(TASK TO CARRY OUT): What you return must match the records exactly.

(Stored items)
• • • • • • •
theorem theorem15:
  fixes n k m :: nat
  shows "det (mat k k (\<lambda>(i, j). C (2*k + 2*m - 1) (2*int n + 2*int i + 2*int j + 4*int m - 2)))
       = det (mat m m (\<lambda>(i, j). C (2*k + 2*m - 1) (- 2*int n - 2*int i - 2*int j)))"
proof (cases "k + m = 0")
  case True
  then show ?thesis by simp
next
  case False
  interpret strip "k + m" by unfold_locales (use False in simp)
  have K: "2 * k + 2 * m - 1 = K" by (simp add: K_def)
  have "C K (2 * int n + 2 * int i + 2 * int j + 4 * int m - 2)
      = corner (int n + 2 * int m - 1 + int i + int j)"
    and "C K (- 2 * int n - 2 * int i - 2 * int j) = corner (- int n - int i - int j)" for i j :: nat
    using C_double_eq_corner[of "int n + 2 * int m - 1 + int i + int j"]
      C_double_eq_corner[of "- int n - int i - int j"]
    by (simp_all add: algebra_simps)
  then show ?thesis unfolding K using hankel_duality[of k m n] by simp
qed

end
theorem lemma7p1:
  fixes F F' F'' :: "real \<Rightarrow> real" and K0 K1 \<alpha> p :: real
  assumes "K0 > 0" and "K1 > 0" and "\<alpha> \<ge> -2" and "p > 1"
    and "\<And>t. t \<ge> 0 \<Longrightarrow> (F has_real_derivative F' t) (at t within {0..})"
    and "\<And>t. t \<ge> 0 \<Longrightarrow> (F' has_real_derivative F'' t) (at t within {0..})"
    and "continuous_on {0..} F''"
    and "\<And>t. t \<ge> 0 \<Longrightarrow>
           F'' t + K0 * (1 + t) powr (-1) * F' t \<ge> K1 * (1 + t) powr \<alpha> * \<bar>F t\<bar> powr p"
    and "F 0 > 0" and "F' 0 > 0"
  shows False
proof -
  have weakened: "K1 / (1 + t)\<^sup>2 * \<bar>F t\<bar> powr p \<le> F'' t + K0 / (1 + t) * F' t"
    if "t \<ge> 0" for t
  proof -
    have "K1 / (1 + t)\<^sup>2 = K1 * (1 + t) powr (-2)"
      using that by (simp add: powr_minus_divide powr_realpow)
    also have "\<dots> \<le> K1 * (1 + t) powr \<alpha>"
      using \<open>\<alpha> \<ge> -2\<close> \<open>K1 > 0\<close> that by (intro mult_left_mono powr_mono) auto
    finally have "K1 / (1 + t)\<^sup>2 * \<bar>F t\<bar> powr p \<le> K1 * (1 + t) powr \<alpha> * \<bar>F t\<bar> powr p"
      by (rule mult_right_mono) simp
    also have "\<dots> \<le> F'' t + K0 / (1 + t) * F' t"
      using assms(8)[OF that] that by (simp add: powr_minus_divide)
    finally show ?thesis .
  qed
  interpret damped_supersolution F F' F'' K0 K1 p
    using assms(2,4,5,6,9,10) weakened by unfold_locales
  show False
    by (rule no_global_solution)
qed

end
• • • • • • •
(EXERCISE RESULT):
theorem theorem15:
  fixes n k m :: nat
  shows "det (mat k k (\<lambda>(i, j). C (2*k + 2*m - 1) (2*int n + 2*int i + 2*int j + 4*int m - 2)))
       = det (mat m m (\<lambda>(i, j). C (2*k + 2*m - 1) (- 2*int n - 2*int i - 2*int j)))"
proof (cases "k + m = 0")
  case True
  then show ?thesis by simp
next
  case False
  interpret strip "k + m" by unfold_locales (use False in simp)
  have K: "2 * k + 2 * m - 1 = K" by (simp add: K_def)
  have "C K (2 * int n + 2 * int i + 2 * int j + 4 * int m - 2)
      = corner (int n + 2 * int m - 1 + int i + int j)"
    and "C K (- 2 * int n - 2 * int i - 2 * int j) = corner (- int n - int i - int j)" for i j :: nat
    using C_double_eq_corner[of "int n + 2 * int m - 1 + int i + int j"]
      C_double_eq_corner[of "- int n - int i - int j"]
    by (simp_all add: algebra_simps)
  then show ?thesis unfolding K using hankel_duality[of k m n] by simp
qed

end
theorem lemma7p1:
  fixes F F' F'' :: "real \<Rightarrow> real" and K0 K1 \<alpha> p :: real
  assumes "K0 > 0" and "K1 > 0" and "\<alpha> \<ge> -2" and "p > 1"
    and "\<And>t. t \<ge> 0 \<Longrightarrow> (F has_real_derivative F' t) (at t within {0..})"
    and "\<And>t. t \<ge> 0 \<Longrightarrow> (F' has_real_derivative F'' t) (at t within {0..})"
    and "continuous_on {0..} F''"
    and "\<And>t. t \<ge> 0 \<Longrightarrow>
           F'' t + K0 * (1 + t) powr (-1) * F' t \<ge> K1 * (1 + t) powr \<alpha> * \<bar>F t\<bar> powr p"
    and "F 0 > 0" and "F' 0 > 0"
  shows False
proof -
  have weakened: "K1 / (1 + t)\<^sup>2 * \<bar>F t\<bar> powr p \<le> F'' t + K0 / (1 + t) * F' t"
    if "t \<ge> 0" for t
  proof -
    have "K1 / (1 + t)\<^sup>2 = K1 * (1 + t) powr (-2)"
      using that by (simp add: powr_minus_divide powr_realpow)
    also have "\<dots> \<le> K1 * (1 + t) powr \<alpha>"
      using \<open>\<alpha> \<ge> -2\<close> \<open>K1 > 0\<close> that by (intro mult_left_mono powr_mono) auto
    finally have "K1 / (1 + t)\<^sup>2 * \<bar>F t\<bar> powr p \<le> K1 * (1 + t) powr \<alpha> * \<bar>F t\<bar> powr p"
      by (rule mult_right_mono) simp
    also have "\<dots> \<le> F'' t + K0 / (1 + t) * F' t"
      using assms(8)[OF that] that by (simp add: powr_minus_divide)
    finally show ?thesis .
  qed
  interpret damped_supersolution F F' F'' K0 K1 p
    using assms(2,4,5,6,9,10) weakened by unfold_locales
  show False
    by (rule no_global_solution)
qed

end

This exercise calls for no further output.